section \<open>The coefficients of the expansion\<close>

lemma exists_pderiv_eq: "\<exists>Q. pderiv Q = (U :: 'a::field_char_0 poly)"
proof
  let ?Q = "\<Sum>i\<le>degree U. monom (coeff U i / of_nat (Suc i)) (Suc i)"
  show "pderiv ?Q = U"
  proof (rule poly_eqI)
    fix n
    have "coeff ?Q (Suc n) = (if n \<le> degree U then coeff U n / of_nat (Suc n) else 0)"
      by (simp add: coeff_sum coeff_monom)
    then show "coeff (pderiv ?Q) n = coeff U n"
      by (auto simp: coeff_pderiv coeff_eq_0 simp del: of_nat_Suc)
  qed
qed

text \<open>With \<open>Q' = U\<close>, \<open>I U (x) = Q(x + 1) - Q(x) = ((e\<^sup>D - 1) Q)(x)\<close>, so \<open>I\<close> acts as \<open>(e\<^sup>D - 1)/D\<close>.\<close>
lemma Iop_poly:
  "Iop (\<lambda>t. poly U (of_real t)) = (\<lambda>t. poly (fps_diffop fps_expm1_over_X U) (of_real t))"
proof
  fix x :: real
  obtain Q where Q: "pderiv Q = U"
    using exists_pderiv_eq by blast
  have "((\<lambda>t. poly U (of_real t)) has_integral
      (poly Q (of_real (x + 1)) - poly Q (of_real x))) {x..x + 1}"
  proof (rule fundamental_theorem_of_calculus)
    fix t :: real
    have "(poly Q has_field_derivative poly U (of_real t)) (at (of_real t))"
      using poly_DERIV[of Q "of_real t"] by (simp add: Q)
    then show "((\<lambda>t. poly Q (of_real t)) has_vector_derivative poly U (of_real t))
        (at t within {x..x + 1})"
      by (rule has_vector_derivative_real_field)
  qed simp
  then have "Iop (\<lambda>t. poly U (of_real t)) x = poly (fps_diffop (fps_exp 1 - 1) Q) (of_real x)"
    by (simp add: Iop_def integral_unique fps_diffop_diff_left poly_fps_diffop_exp)
  also have "\<dots> = poly (fps_diffop fps_expm1_over_X U) (of_real x)"
    by (simp flip: Q fps_expm1_over_X_times_X fps_diffop_mult)
  finally show "Iop (\<lambda>t. poly U (of_real t)) x = poly (fps_diffop fps_expm1_over_X U) (of_real x)" .
qed

lemma funpow_Iop_poly:
  "(Iop ^^ m) (\<lambda>t. poly U (of_real t)) =
    (\<lambda>t. poly (fps_diffop (fps_expm1_over_X ^ m) U) (of_real t))"
  by (induction m) (simp_all add: Iop_poly fps_diffop_mult)

lemma umbral_eq_poly_fps_diffop:
  assumes "L \<noteq> 0"
  shows "umbral L m q y = poly (fps_diffop (bernoulli_egf_scaled L ^ m) q) y"
proof -
  have LX0: "(fps_const L * fps_X) $ 0 = 0"
    by simp
  have "fps_exp y = fps_exp (y / L) oo (fps_const L * fps_X)"
    using assms by simp
  then have "fps_exp y * bernoulli_egf_scaled L ^ m =
      (fps_exp (y / L) * (fps_X / (fps_exp 1 - 1)) ^ m) oo (fps_const L * fps_X)"
    unfolding bernoulli_egf_scaled_def
    by (simp only: fps_compose_power[OF LX0] fps_compose_mult_distrib[OF LX0])
  then have "poly (fps_diffop (bernoulli_egf_scaled L ^ m) q) y = (\<Sum>i\<le>degree q.
      L ^ i * (fps_exp (y / L) * (fps_X / (fps_exp 1 - 1)) ^ m) $ i * fact i * coeff q i)"
    by (simp add: poly_fps_diffop fps_pairing_eq_sum[OF order_refl])
  then show ?thesis
    by (simp add: umbral_def bernpoly_ho_def mult_ac)
qed

lemma funpow_Iop_umbral:
  assumes "L \<noteq> 0"
  shows "(Iop ^^ m) (\<lambda>t. umbral L m q (of_real t)) =
    (\<lambda>t. poly (fps_diffop (degen_g L ^ m) q) (of_real t))"
  by (simp add: umbral_eq_poly_fps_diffop[OF assms] funpow_Iop_poly fps_diffop_mult degen_g_def
      power_mult_distrib)

lemma degen_g_power_mult_f_power_le:
  assumes "L \<noteq> 0" and "k \<le> r"
  shows "degen_g L ^ r * degen_f L ^ k = (fps_exp 1 - 1) ^ k * degen_g L ^ (r - k)"
proof -
  have "degen_g L ^ r * degen_f L ^ k = (degen_g L * degen_f L) ^ k * degen_g L ^ (r - k)"
    using assms(2) by (simp add: power_mult_distrib mult_ac flip: power_add)
  then show ?thesis
    by (simp add: degen_g_times_degen_f[OF assms(1)])
qed

lemma degen_g_power_mult_f_power_ge:
  assumes "L \<noteq> 0" and "r \<le> k"
  shows "degen_g L ^ r * degen_f L ^ k = (fps_exp 1 - 1) ^ r * degen_f L ^ (k - r)"
proof -
  have "degen_g L ^ r * degen_f L ^ k = (degen_g L * degen_f L) ^ r * degen_f L ^ (k - r)"
    using assms(2) by (simp add: power_mult_distrib mult_ac flip: power_add)
  then show ?thesis
    by (simp add: degen_g_times_degen_f[OF assms(1)])
qed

^^^^^^^^

Throughout the data above, report every line that contains the string "using".

    using exists_pderiv_eq by blast
      using poly_DERIV[of Q "of_real t"] by (simp add: Q)
    using assms by simp
    using assms(2) by (simp add: power_mult_distrib mult_ac flip: power_add)
    using assms(2) by (simp add: power_mult_distrib mult_ac flip: power_add)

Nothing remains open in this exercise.